The repro case we had was able to reproduce it on the well-tested x86 compiler as well, and it was probably in there for years before anybody noticed, despite that compiler probably being used to compile hundreds of millions of lines of code every day.

Another eye-opening example is the volatile qualifier. Most production compilers miscompile volatile accesses in at least some situations. Basic use cases usually work, but in some compilers, even simple optimizations like loop invariant code motion can break the semantics of volatile. Anyone relying on volatile in an embedded system or any safety-critical system, would do well to wrap volatile accesses in function calls and inspect all of the generated code.

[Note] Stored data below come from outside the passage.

lemma archimedean_qm_M:
  fixes S :: "'v rpoly set"
  assumes "archimedean_in UNIV (QM S)"
  shows "archimedean_in Mcar (qm_M S)"
  unfolding archimedean_in_iff_arch_bounded
proof
  fix p :: "'v mring"
  assume p: "p \<in> Mcar"
  have "arch_bounded (qm_M S) (Poly_Mapping.single \<mu> (Poly_Mapping.lookup p \<mu>))"
    if "\<mu> \<in> Poly_Mapping.keys p" for \<mu>
  proof -
    have "Poly_Mapping.lookup \<mu> 0 = 0"
      using p that by (simp add: Mcar_def)
    then have "arch_bounded (qm_gen Mcar (mgens S))
        (Poly_Mapping.single 0 (Poly_Mapping.lookup p \<mu>) * Poly_Mapping.single \<mu> 1)"
      using arch_bounded_monomial[OF assms] unfolding qm_M_def
      by (intro Mcar.arch_bounded_mult Mcar.scalar_in Mcar.arch_bounded_scalar single_in_Mcar)
    then show ?thesis
      by (simp add: qm_M_def mult_single)
  qed
  then have "arch_bounded (qm_M S) (\<Sum>\<mu>\<in>Poly_Mapping.keys p. Poly_Mapping.single \<mu> (Poly_Mapping.lookup p \<mu>))"
    unfolding qm_M_def by (intro Mcar.arch_bounded_sum)
  then show "arch_bounded (qm_M S) p"
    by (simp only: poly_mapping_sum_single)
qed

lemma archimedean_QM_MX:
  fixes S :: "'v rpoly set"
  assumes "archimedean_in UNIV (QM S)"
  shows "archimedean_in MXcar (QM_MX S)"
  unfolding archimedean_in_iff_arch_bounded
proof
  fix p :: "'v mxpoly"
  assume p: "p \<in> MXcar"
  have coeff: "arch_bounded (QM_MX S) (emb_M c)" if "c \<in> Mcar" for c
    using archimedean_qm_M[OF assms] that unfolding archimedean_in_iff_arch_bounded
    by (intro arch_bounded_image[OF _ additive_emb_M] emb_M_in_QM_MX) (auto simp: emb_M_of_nat)
  have monomial: "arch_bounded (QM_MX S) (emb_R q)" for q
    using assms unfolding archimedean_in_iff_arch_bounded
    by (intro arch_bounded_image[OF _ additive_emb_R] emb_R_in_QM_MX) (auto simp: emb_R_of_nat)
  have "arch_bounded (QM_MX S) (Poly_Mapping.single \<alpha> (Poly_Mapping.lookup p \<alpha>))" for \<alpha>
  proof -
    have "Poly_Mapping.lookup p \<alpha> \<in> Mcar"
      using p by (simp add: MXcar_def)
    then have "arch_bounded (qm_gen MXcar (emb_R ` S \<union> emb_M ` mgens S))
        (emb_M (Poly_Mapping.lookup p \<alpha>) * emb_R (Poly_Mapping.single \<alpha> 1))"
      using coeff monomial unfolding QM_MX_def
      by (intro MXcar.arch_bounded_mult emb_M_in_MXcar emb_R_in_MXcar)
    then show ?thesis
      by (simp add: QM_MX_def emb_M_def emb_R_single mult_single)
  qed
  then have "arch_bounded (QM_MX S) (\<Sum>\<alpha>\<in>Poly_Mapping.keys p. Poly_Mapping.single \<alpha> (Poly_Mapping.lookup p \<alpha>))"
    unfolding QM_MX_def by (intro MXcar.arch_bounded_sum)
  then show "arch_bounded (QM_MX S) p"
    by (simp only: poly_mapping_sum_single)
qed

theorem lemma4p1:
  fixes S :: "('v::finite) rpoly set"
  assumes "archimedean_in UNIV (QM S)"
  shows "archimedean_in Mcar (qm_M S) \<and> archimedean_in MXcar (QM_MX S)"
  using archimedean_qm_M[OF assms] archimedean_QM_MX[OF assms] by blast

end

bob · Post by **bob** » Fri Jul 02, 2010 10:33 pm

wgarvin wrote:
bob wrote:
rbarreira wrote:
bob wrote: I'd still suspect local memory accesses as the most likely candidate, particularly for a pretty mature compiler like MSVC.
This year I already found one bug in gcc and one in icc... there are new ones reported every day.
Correct, but only one out of every 1,000 "reported compiler bugs" is a real compiler bug...
Its probably a lot higher than that, at least 1 in 20. I know I'm not going to put together a repro sample and send in a compiler bug report until I'm solidly convinced that its a bug in the compiler rather than a bug in my own code. I'm sure they get plenty of bug reports which turn out to be user error, but with the complexity of modern optimizing compilers, its not THAT surprising to find bugs in them. In a way, they're like chess engines -- a bug might only manifest itself when there is a strange and unusual interaction of different states in the compiler. I found a loop optimizer bug in the frontend of the MS compiler which miscompiled a slightly unusual loop condition into an infinite loop. But by adding if (xx) break; in the loop, I changed the control flow enough that it was then able to compile it correctly.

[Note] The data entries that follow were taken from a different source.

lemma hellinger_affinity_ge:
  "exp ((\<integral>x. sqrt (r0 x * r1 x) \<partial>lborel) - (mass r0 + mass r1) / 2)
     \<le> (\<integral>x. sqrt (cpoisson_density k r0 x * cpoisson_density k r1 x) \<partial>lborel)"
proof -
  define c where "c = (\<integral>x. sqrt (r0 x * r1 x) \<partial>lborel)"
  define E where "E = exp (- (mass r0 + mass r1) / 2)"
  define s where "s n x = sqrt (conv_pow k r0 n x * conv_pow k r1 n x) / fact n" for n x
  have E_nonneg: "0 \<le> E"
    unfolding E_def by simp
  have [measurable]: "s n \<in> borel_measurable borel" for n
    unfolding s_def by measurable
  have integrable: "integrable lborel (\<lambda>x. sqrt (cpoisson_density k r0 x * cpoisson_density k r1 x))"
    by (rule integrable_sqrt_mult)
      (use cp0.integrable_cpoisson_density cp1.integrable_cpoisson_density
        cp0.cpoisson_density_nonneg cp1.cpoisson_density_nonneg in auto)
  have "ennreal E * ennreal (exp c) \<le> (\<integral>\<^sup>+x. ennreal E * (\<Sum>n. ennreal (s n x)) \<partial>lborel)"
    using exp_integral_sqrt_le_suminf unfolding c_def[symmetric] s_def[symmetric]
    by (simp add: nn_integral_suminf nn_integral_cmult mult_left_mono)
  also have "\<dots> \<le> (\<integral>\<^sup>+x. ennreal (sqrt (cpoisson_density k r0 x * cpoisson_density k r1 x)) \<partial>lborel)"
    unfolding E_def s_def by (intro nn_integral_mono sqrt_cpoisson_density_mult_ge)
  also have "\<dots> = ennreal (\<integral>x. sqrt (cpoisson_density k r0 x * cpoisson_density k r1 x) \<partial>lborel)"
    using integrable by (rule nn_integral_eq_integral) (use cp0.cpoisson_density_nonneg cp1.cpoisson_density_nonneg in simp)
  finally have "ennreal (E * exp c) \<le> ennreal (\<integral>x. sqrt (cpoisson_density k r0 x * cpoisson_density k r1 x) \<partial>lborel)"
    by (simp only: ennreal_mult[OF E_nonneg exp_ge_zero])
  moreover have "E * exp c = exp (c - (mass r0 + mass r1) / 2)"
    unfolding E_def mult_exp_exp by (rule arg_cong[where f = exp]) linarith
  ultimately show ?thesis
    unfolding c_def using cp0.cpoisson_density_nonneg cp1.cpoisson_density_nonneg by (simp add: ennreal_le_iff integral_nonneg)
qed

lemma integral_sqrt_diff_sq:
  "integrable lborel (\<lambda>x. (sqrt (r0 x) - sqrt (r1 x))\<^sup>2)"
  "(\<integral>x. (sqrt (r0 x) - sqrt (r1 x))\<^sup>2 \<partial>lborel) = mass r0 + mass r1 - 2 * (\<integral>x. sqrt (r0 x * r1 x) \<partial>lborel)"
proof -
  have eq: "(\<lambda>x. (sqrt (r0 x) - sqrt (r1 x))\<^sup>2) = (\<lambda>x. r0 x + r1 x - 2 * sqrt (r0 x * r1 x))"
    using cp0.r_nonneg cp1.r_nonneg by (auto simp: power2_diff real_sqrt_mult)
  show "integrable lborel (\<lambda>x. (sqrt (r0 x) - sqrt (r1 x))\<^sup>2)"
    unfolding eq using cp0.r_integrable cp1.r_integrable integrable_sqrt_r0_r1 by simp
  show "(\<integral>x. (sqrt (r0 x) - sqrt (r1 x))\<^sup>2 \<partial>lborel) = mass r0 + mass r1 - 2 * (\<integral>x. sqrt (r0 x * r1 x) \<partial>lborel)"
    unfolding eq mass_def using cp0.r_integrable cp1.r_integrable integrable_sqrt_r0_r1 by simp
qed

lemma hellinger_cpoisson_sq_le:
  "(hellinger (density lborel (cpoisson_density k r0)) (density lborel (cpoisson_density k r1)))\<^sup>2
     \<le> (\<integral>x. (sqrt (r0 x) - sqrt (r1 x))\<^sup>2 \<partial>lborel) / 2"
proof -
  have "(hellinger (density lborel (cpoisson_density k r0)) (density lborel (cpoisson_density k r1)))\<^sup>2
      = 1 - (\<integral>x. sqrt (cpoisson_density k r0 x * cpoisson_density k r1 x) \<partial>lborel)"
    by (rule hellinger_density_sq)
      (use cp0.cpoisson_density_nonneg cp1.cpoisson_density_nonneg
        cp0.nn_integral_cpoisson_density cp1.nn_integral_cpoisson_density in auto)
  also have "\<dots> \<le> 1 - exp ((\<integral>x. sqrt (r0 x * r1 x) \<partial>lborel) - (mass r0 + mass r1) / 2)"
    using hellinger_affinity_ge by simp
  also have "\<dots> \<le> (mass r0 + mass r1) / 2 - (\<integral>x. sqrt (r0 x * r1 x) \<partial>lborel)"
    using exp_ge_add_one_self[of "(\<integral>x. sqrt (r0 x * r1 x) \<partial>lborel) - (mass r0 + mass r1) / 2"] by linarith
  finally show ?thesis
    unfolding integral_sqrt_diff_sq(2) by (simp add: diff_divide_distrib)
qed

end

section \<open>The exponential law as an infinitely divisible law\<close>

lemma levy_dens_zero: "levy_dens A (\<lambda>_. 0) x = (if 0 < x then exp (- (A * x)) / x else 0)"
  by (simp add: levy_dens_def)

lemma levy_dens_measurable[measurable]:
  assumes [measurable]: "th \<in> borel_measurable borel"
  shows "levy_dens a th \<in> borel_measurable borel"
  unfolding levy_dens_def by measurable

lemma tendsto_exp_neg_mult_at_top:
  fixes a :: real assumes "0 < a"
  shows "((\<lambda>t. exp (- (t * a))) \<longlongrightarrow> 0) at_top"
  using assms by (auto intro!: exp_at_bot[THEN filterlim_compose] filterlim_tendsto_pos_mult_at_top filterlim_ident
      simp: filterlim_uminus_at_bot mult.commute[of _ a])

lemma set_integrable_exp_neg_mult:
  fixes z :: complex assumes z: "0 < Re z"
  shows "set_integrable lborel {0<..} (\<lambda>x::real. exp (- (z * of_real x)))"
proof -
  have "set_integrable lborel (einterval 0 \<infinity>) (\<lambda>x. exp (- (x * Re z)))"
  proof (rule interval_integral_FTC_nonneg(1)[where F="\<lambda>x. - exp (- (x * Re z)) / Re z" and A="-1 / Re z" and B=0])
    show "((\<lambda>x. - exp (- (x * Re z)) / Re z) has_real_derivative exp (- (x * Re z))) (at x)" for x
      using z by (auto intro!: derivative_eq_intros)
    show "(((\<lambda>x. - exp (- (x * Re z)) / Re z) \<circ> real_of_ereal) \<longlongrightarrow> -1 / Re z) (at_right 0)"
      using z by (auto simp: zero_ereal_def ereal_tendsto_simps intro!: tendsto_eq_intros)
    show "(((\<lambda>x. - exp (- (x * Re z)) / Re z) \<circ> real_of_ereal) \<longlongrightarrow> 0) (at_left \<infinity>)"
      using z unfolding ereal_tendsto_simps
      by (intro filterlim_compose[OF _ tendsto_exp_neg_mult_at_top]) (auto intro!: tendsto_eq_intros filterlim_ident)
  qed auto
  moreover have "einterval 0 \<infinity> = {0::real<..}"
    by (auto simp: einterval_iff zero_ereal_def)
  ultimately have "integrable lborel (\<lambda>x. indicat_real {0<..} x *\<^sub>R exp (- (x * Re z)))"
    by (simp add: set_integrable_def)
  then show ?thesis
    unfolding set_integrable_def
    by (rule Bochner_Integration.integrable_bound) (auto simp: indicator_def norm_exp_eq_Re mult.commute)
qed

lemma set_integral_exp_neg_mult:
  fixes z :: complex assumes z: "0 < Re z"
  shows "(LBINT x:{0<..}. exp (- (z * of_real x))) = 1 / z"
proof -
  have zn: "z \<noteq> 0" using z by auto
  have "(LBINT x=0..\<infinity>. exp (- (z * of_real x))) = 0 - (- 1 / z)"
  proof (rule interval_integral_FTC_integrable[where F="\<lambda>x. - exp (- (z * of_real x)) / z"])
    show "((\<lambda>x. - exp (- (z * of_real x)) / z) has_vector_derivative exp (- (z * of_real x))) (at x)" for x
      using zn by (auto intro!: derivative_eq_intros has_vector_derivative_real_field)
    have "einterval 0 \<infinity> = {0::real<..}" by (auto simp: einterval_iff zero_ereal_def)
    then show "set_integrable lborel (einterval 0 \<infinity>) (\<lambda>x. exp (- (z * of_real x)))"
      using set_integrable_exp_neg_mult[OF z] by simp
    show "(((\<lambda>x. - exp (- (z * of_real x)) / z) \<circ> real_of_ereal) \<longlongrightarrow> - 1 / z) (at_right 0)"
      using zn by (auto simp: zero_ereal_def ereal_tendsto_simps intro!: tendsto_eq_intros)
    have "((\<lambda>t::real. exp (- (z * of_real t))) \<longlongrightarrow> 0) at_top"
      by (rule tendsto_norm_zero_cancel)
        (use tendsto_exp_neg_mult_at_top[OF z] in \<open>simp add: norm_exp_eq_Re mult.commute\<close>)
    then have "((\<lambda>t::real. - exp (- (z * of_real t)) / z) \<longlongrightarrow> - 0 / z) at_top"
      by (intro tendsto_divide tendsto_minus tendsto_const) (use zn in auto)
    then show "(((\<lambda>x. - exp (- (z * of_real x)) / z) \<circ> real_of_ereal) \<longlongrightarrow> 0) (at_left \<infinity>)"
      unfolding ereal_tendsto_simps by simp
  qed (auto intro!: continuous_intros)
  then show ?thesis by (simp add: interval_integral_to_infinity_eq zero_ereal_def)
qed

lemma integrable_exp_neg_mult:
  fixes A :: real assumes "0 < A"
  shows "integrable lborel (\<lambda>x. indicator {0<..} x * exp (- (A * x)))"
proof -
  have "integrable lborel (\<lambda>x. norm (indicator {0<..} x *\<^sub>R exp (- (complex_of_real A * of_real x))))"
    using set_integrable_exp_neg_mult[of "complex_of_real A"] assms unfolding set_integrable_def
    by (intro integrable_norm) simp
  then show ?thesis
    by (simp add: indicator_def norm_exp_eq_Re if_distrib cong: if_cong)
qed

lemma integral_exp_neg_mult:
  fixes c :: real assumes "0 < c"
  shows "(\<integral>x. indicator {0<..} x * exp (- (c * x)) \<partial>lborel) = 1 / c"
proof -
  have "complex_of_real (\<integral>x. indicator {0<..} x * exp (- (c * x)) \<partial>lborel)
      = (LBINT x:{0<..}. exp (- (complex_of_real c * of_real x)))"
    unfolding integral_complex_of_real[symmetric] set_lebesgue_integral_def
    by (rule Bochner_Integration.integral_cong) (auto simp: indicator_def exp_of_real[symmetric])
  also have "\<dots> = complex_of_real (1 / c)"
    using assms by (simp add: set_integral_exp_neg_mult)
  finally show ?thesis
    using of_real_eq_iff by blast
qed

lemma char_exponential_density:
  assumes A: "0 < A"
  shows "char (density lborel (exponential_density A)) u = A / (A - \<i> * u)"
proof -
  define z where "z = complex_of_real A - \<i> * complex_of_real u"
  have z: "0 < Re z" using A by (simp add: z_def)
  have "AE x in lborel. exponential_density A x *\<^sub>R iexp (u * x)
      = complex_of_real A * (indicat_real {0<..} x *\<^sub>R exp (- (z * of_real x)))"
    using AE_lborel_singleton[of 0]
  proof eventually_elim
    case (elim x)
    have "exp (- (z * of_real x)) = exp (complex_of_real (- x * A)) * iexp (u * x)"
      by (simp add: z_def exp_add[symmetric] algebra_simps)
    then show ?case
      using elim by (cases "0 < x") (simp_all add: exponential_density_def scaleR_conv_of_real mult.commute flip: exp_of_real)
  qed
  then have "char (density lborel (exponential_density A)) u
      = (\<integral>x. complex_of_real A * (indicat_real {0<..} x *\<^sub>R exp (- (z * of_real x))) \<partial>lborel)"
    unfolding char_def using A
    by (subst integral_density) (auto simp: exponential_density_def intro!: integral_cong_AE)
  also have "\<dots> = complex_of_real A * (LBINT x:{0<..}. exp (- (z * of_real x)))"
    unfolding set_lebesgue_integral_def by (rule integral_mult_right_zero)
  finally show ?thesis
    using set_integral_exp_neg_mult[OF z] by (simp add: z_def)
qed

The repro case we had was able to reproduce it on the well-tested x86 compiler as well, and it was probably in there for years before anybody noticed, despite that compiler probably being used to compile hundreds of millions of lines of code every day.

Another eye-opening example is the volatile qualifier. Most production compilers miscompile volatile accesses in at least some situations. Basic use cases usually work, but in some compilers, even simple optimizations like loop invariant code motion can break the semantics of volatile. Anyone relying on volatile in an embedded system or any safety-critical system, would do well to wrap volatile accesses in function calls and inspect all of the generated code.

I've found my fair share of gcc bugs. But I used to be on the mailing list and in the usenet gcc group, and there are _many_ morons that claim compiler bug at the drop of a hat. Had a couple of friends that worked on gcc in the early 90's, and they were really incensed by the bogus claims and the time they wasted.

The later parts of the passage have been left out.